Levi klingt verbittert, so sehr schmerzt ihn der Tod Jesu.
„Ich glaube einfach nicht, daß es so ist, wie du denkst. Ich glaube nicht, dass Gott das einfach so mit angesehen hat. Hast du nicht auch davon gehört, was die andern sagen? Jesus hat schon vor seinem Tod davon gesprochen, dass er leiden und sterben wird. Erinnerst du dich noch, was über diese Sache in Betanien gesagt wird? Eine Frau hat Jesus mit einer ganzen Flasche Salböl übergossen, alle haben sich furchtbar aufgeregt: Soviel teures Öl! Aber Jesus hat sie gelobt und sagte, sie habe ihn schon im vorhinein für sein Begräbnis gesalbt. Er hat gewusst, dass er gekreuzigt wird! Es musste so kommen, von Gott her. Warum - das kann ich nicht begreifen. Aber ich glaube, irgendetwas will Gott damit zeigen. Und ich bin sicher, Gott hat uns was gezeigt, aber anders, als wir das erwartet haben... Diese Dunkelheit, und dann das Erdbeben, als Jesus starb... Da war Gott. Und dann, da warst du schon weg, ist da noch etwas passiert: Die Soldaten, die Jesus am Kreuz bewachten und auch der Hauptmann, die waren ganz verändert, als sie das alles miterlebt hatten. Ich habe gehört, dass der Hauptmann gesagt haben soll: Dieser ist wahrlich Gottes Sohn!' Jetzt haben sie es zugegeben! Jetzt haben sie es endlich erkannt: Jesus ist Gottes Sohn. Und sogar die Wachen konnten es erleben: Gott hat seinen Sohn nicht verlassen, auch wenn er stirbt!"
Priska ist über ihre eigenen Worte erstaunt. Aber irgendwie ist ihr diese Gewissheit zugewachsen. Ihr ist klar geworden, dass es mit dem Tod Jesu so kommen musste. Auch wenn sie nicht verstehen kann, warum. Aber sie zweifelt nicht daran, dass Gott sich zu Jesus bekannt und ihn auch im Tod nicht allein gelassen hat.

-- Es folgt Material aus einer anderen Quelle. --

definition quad_form :: "nat \<Rightarrow> (nat \<Rightarrow> nat \<Rightarrow> real) \<Rightarrow> (nat \<Rightarrow> real) \<Rightarrow> real" where
  "quad_form d a v = (\<Sum>x<d. \<Sum>y<d. v x * a x y * v y)"

lemma index_pow_mat_of_real:
  assumes A: "A \<in> carrier_mat d d" and a: "\<And>x y. x < d \<Longrightarrow> y < d \<Longrightarrow> A $$ (x,y) = complex_of_real (a x y)"
    and "x < d" "y < d"
  shows "(A ^\<^sub>m k) $$ (x,y) = complex_of_real (mpow d a k x y)"
  using assms(3,4)
proof (induction k arbitrary: y)
  case (Suc k)
  have "(A ^\<^sub>m Suc k) $$ (x,y) = (\<Sum>u<d. (A ^\<^sub>m k) $$ (x,u) * A $$ (u,y))"
    using Suc.prems A by (simp add: scalar_prod_def lessThan_atLeast0)
  also have "\<dots> = (\<Sum>u<d. complex_of_real (mpow d a k x u * a u y))"
    using Suc by (intro sum.cong) (auto simp: a)
  finally show ?case by simp
qed (use A in auto)

lemma abs_le_sum_abs_entries:
  fixes a :: "nat \<Rightarrow> nat \<Rightarrow> real"
  assumes "u < d" "v < d"
  shows "\<bar>a u v\<bar> \<le> (\<Sum>x<d. \<Sum>y<d. \<bar>a x y\<bar>)"
proof -
  have "\<bar>a u v\<bar> \<le> (\<Sum>y<d. \<bar>a u y\<bar>)"
    using assms by (intro member_le_sum) auto
  also have "\<dots> \<le> (\<Sum>x<d. \<Sum>y<d. \<bar>a x y\<bar>)"
    using assms by (intro member_le_sum[of u]) (auto intro: sum_nonneg)
  finally show ?thesis .
qed

lemma abs_mpow_le:
  assumes K: "\<And>u v. u < d \<Longrightarrow> v < d \<Longrightarrow> \<bar>a u v\<bar> \<le> K" and "0 \<le> K" and "y < d"
  shows "\<bar>mpow d a k x y\<bar> \<le> (real d * K) ^ k"
  using \<open>y < d\<close>
proof (induction k arbitrary: y)
  case (Suc k)
  have "\<bar>mpow d a (Suc k) x y\<bar> \<le> (\<Sum>u<d. \<bar>mpow d a k x u\<bar> * \<bar>a u y\<bar>)"
    by (simp add: sum_abs flip: abs_mult)
  also have "\<dots> \<le> (\<Sum>u<d. (real d * K) ^ k * K)"
    using Suc \<open>0 \<le> K\<close> by (intro sum_mono mult_mono K) auto
  finally show ?case by (simp add: algebra_simps)
qed simp

lemma summable_norm_mpow:
  assumes "y < d"
  shows "summable (\<lambda>k. norm (mpow d a k x y / fact k))"
proof -
  define K where "K = (\<Sum>u<d. \<Sum>v<d. \<bar>a u v\<bar>)"
  have "\<bar>mpow d a k x y\<bar> \<le> (real d * K) ^ k" for k
    by (rule abs_mpow_le) (use assms abs_le_sum_abs_entries in \<open>auto simp: K_def sum_nonneg\<close>)
  then show ?thesis
    by (intro summable_comparison_test[OF _ summable_exp[of "real d * K"]]) (auto simp: divide_simps)
qed

lemma summable_mpow: "y < d \<Longrightarrow> summable (\<lambda>k. mpow d a k x y / fact k)"
  using summable_norm_cancel[OF summable_norm_mpow] .

lemma index_mat_exp_of_real:
  assumes A: "A \<in> carrier_mat d d"
    and entries: "\<And>x y. x < d \<Longrightarrow> y < d \<Longrightarrow> A $$ (x,y) = complex_of_real (a x y)"
    and "x < d" "y < d"
  shows "mat_exp A $$ (x,y) = complex_of_real (mexp d a x y)"
proof -
  have "mat_exp A $$ (x,y) = (\<Sum>k. complex_of_real (mpow d a k x y / fact k))"
    using assms by (simp add: mat_exp_def index_pow_mat_of_real[OF A entries])
  also have "\<dots> = complex_of_real (mexp d a x y)"
    unfolding mexp_def by (rule suminf_of_real[symmetric], rule summable_mpow) fact
  finally show ?thesis .
qed

lemma mpow_1: "x < d \<Longrightarrow> mpow d a 1 x y = a x y"
  by (simp add: if_distrib[of "\<lambda>z. z * _"] cong: if_cong)

lemma mpow_add:
  assumes "y < d"
  shows "mpow d a (i + j) x y = (\<Sum>u<d. mpow d a i x u * mpow d a j u y)"
  using assms
proof (induction j arbitrary: y)
  case 0
  then show ?case by (simp add: if_distrib[of "\<lambda>z. _ * z"] cong: if_cong)
next
  case (Suc j)
  have "mpow d a (i + Suc j) x y = (\<Sum>v<d. (\<Sum>u<d. mpow d a i x u * mpow d a j u v) * a v y)"
    using Suc by simp
  also have "\<dots> = (\<Sum>u<d. mpow d a i x u * (\<Sum>v<d. mpow d a j u v * a v y))"
    by (simp add: sum_distrib_left sum_distrib_right mult.assoc) (rule sum.swap)
  finally show ?case by simp
qed

lemma mpow_sym:
  assumes sym: "\<And>u v. u < d \<Longrightarrow> v < d \<Longrightarrow> a u v = a v u" and "x < d" "y < d"
  shows "mpow d a k x y = mpow d a k y x"
  using assms(2,3)
proof (induction k arbitrary: x y)
  case (Suc k)
  have "mpow d a (Suc k) y x = mpow d a (1 + k) y x" by simp
  also have "\<dots> = (\<Sum>u<d. a y u * mpow d a k u x)"
    using Suc.prems by (simp only: mpow_add mpow_1)
  also have "\<dots> = (\<Sum>u<d. mpow d a k x u * a u y)"
    using Suc by (intro sum.cong refl) (auto simp: sym)
  finally show ?case by simp
qed simp

lemma mexp_sym:
  "(\<And>u v. u < d \<Longrightarrow> v < d \<Longrightarrow> a u v = a v u) \<Longrightarrow> x < d \<Longrightarrow> y < d \<Longrightarrow> mexp d a x y = mexp d a y x"
  unfolding mexp_def using mpow_sym by presburger

lemma mpow_add_diag:
  assumes "y < d"
  shows "mpow d (\<lambda>u v. a u v + (if u = v then c else 0)) k x y
     = (\<Sum>i\<le>k. of_nat (k choose i) * c ^ i * mpow d a (k - i) x y)"
  using assms
proof (induction k arbitrary: y)
  case (Suc k)
  let ?b = "\<lambda>u v. a u v + (if u = v then c else 0)"
  have "mpow d ?b (Suc k) x y = (\<Sum>u<d. mpow d ?b k x u * a u y) + mpow d ?b k x y * c"
    using Suc.prems by (simp add: distrib_left sum.distrib if_distrib[of "\<lambda>z. _ * z"] cong: if_cong)
  also have "(\<Sum>u<d. mpow d ?b k x u * a u y)
      = (\<Sum>i\<le>k. of_nat (k choose i) * c ^ i * mpow d a (Suc k - i) x y)"
    using Suc.IH
    by (simp add: sum_distrib_right sum_distrib_left mult.assoc Suc_diff_le)
      (subst sum.swap, simp add: mult.assoc)
  also have "mpow d ?b k x y * c = (\<Sum>i\<le>k. of_nat (k choose i) * c ^ Suc i * mpow d a (k - i) x y)"
    using Suc by (simp add: sum_distrib_left sum_distrib_right mult_ac)
  also have "(\<Sum>i\<le>k. of_nat (k choose i) * c ^ i * mpow d a (Suc k - i) x y)
      = mpow d a (Suc k) x y + (\<Sum>i\<le>k. of_nat (k choose Suc i) * c ^ Suc i * mpow d a (k - i) x y)"
  proof -
    have "(\<Sum>i\<le>k. of_nat (k choose i) * c ^ i * mpow d a (Suc k - i) x y)
        = (\<Sum>i\<le>Suc k. of_nat (k choose i) * c ^ i * mpow d a (Suc k - i) x y)"
      by simp
    then show ?thesis
      by (simp only: sum.atMost_Suc_shift) simp
  qed
  finally have "mpow d ?b (Suc k) x y
      = mpow d a (Suc k) x y + (\<Sum>i\<le>k. of_nat (Suc k choose Suc i) * c ^ Suc i * mpow d a (k - i) x y)"
    by (simp add: sum.distrib[symmetric] algebra_simps)
  then show ?case
    by (simp add: sum.atMost_Suc_shift del: sum.atMost_Suc)
qed simp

Levi hat sie die ganze Zeit über angesehen. So ergriffen redet Priska nur, wenn sie über etwas unumstößlich sicher ist. Und die Bitterkeit löst sich in ihm.
"Ich möchte glauben, dass du Recht hast."
"Ja, Levi, ich bin gewiss. Und es wird nicht das letzte von Gott sein, das uns tröstet. Wir müssen uns an ihn halten und ihm vertrauen. Gott hat Jesus nicht verlassen, obwohl es in unseren Augen zuerst so aussah. Und wir müssen nicht denken, dass alles aus ist. Wir müssen die Hoffnung behalten, dass es weitergeht. Auch wenn wir noch nicht wissen, wie. Aber wir werden es sehen."
Und der Friede Gottes, welcher höher ist als alle unsere Vernunft, bewahre unsere Herzen und Sinne in Jesus Christus Amen.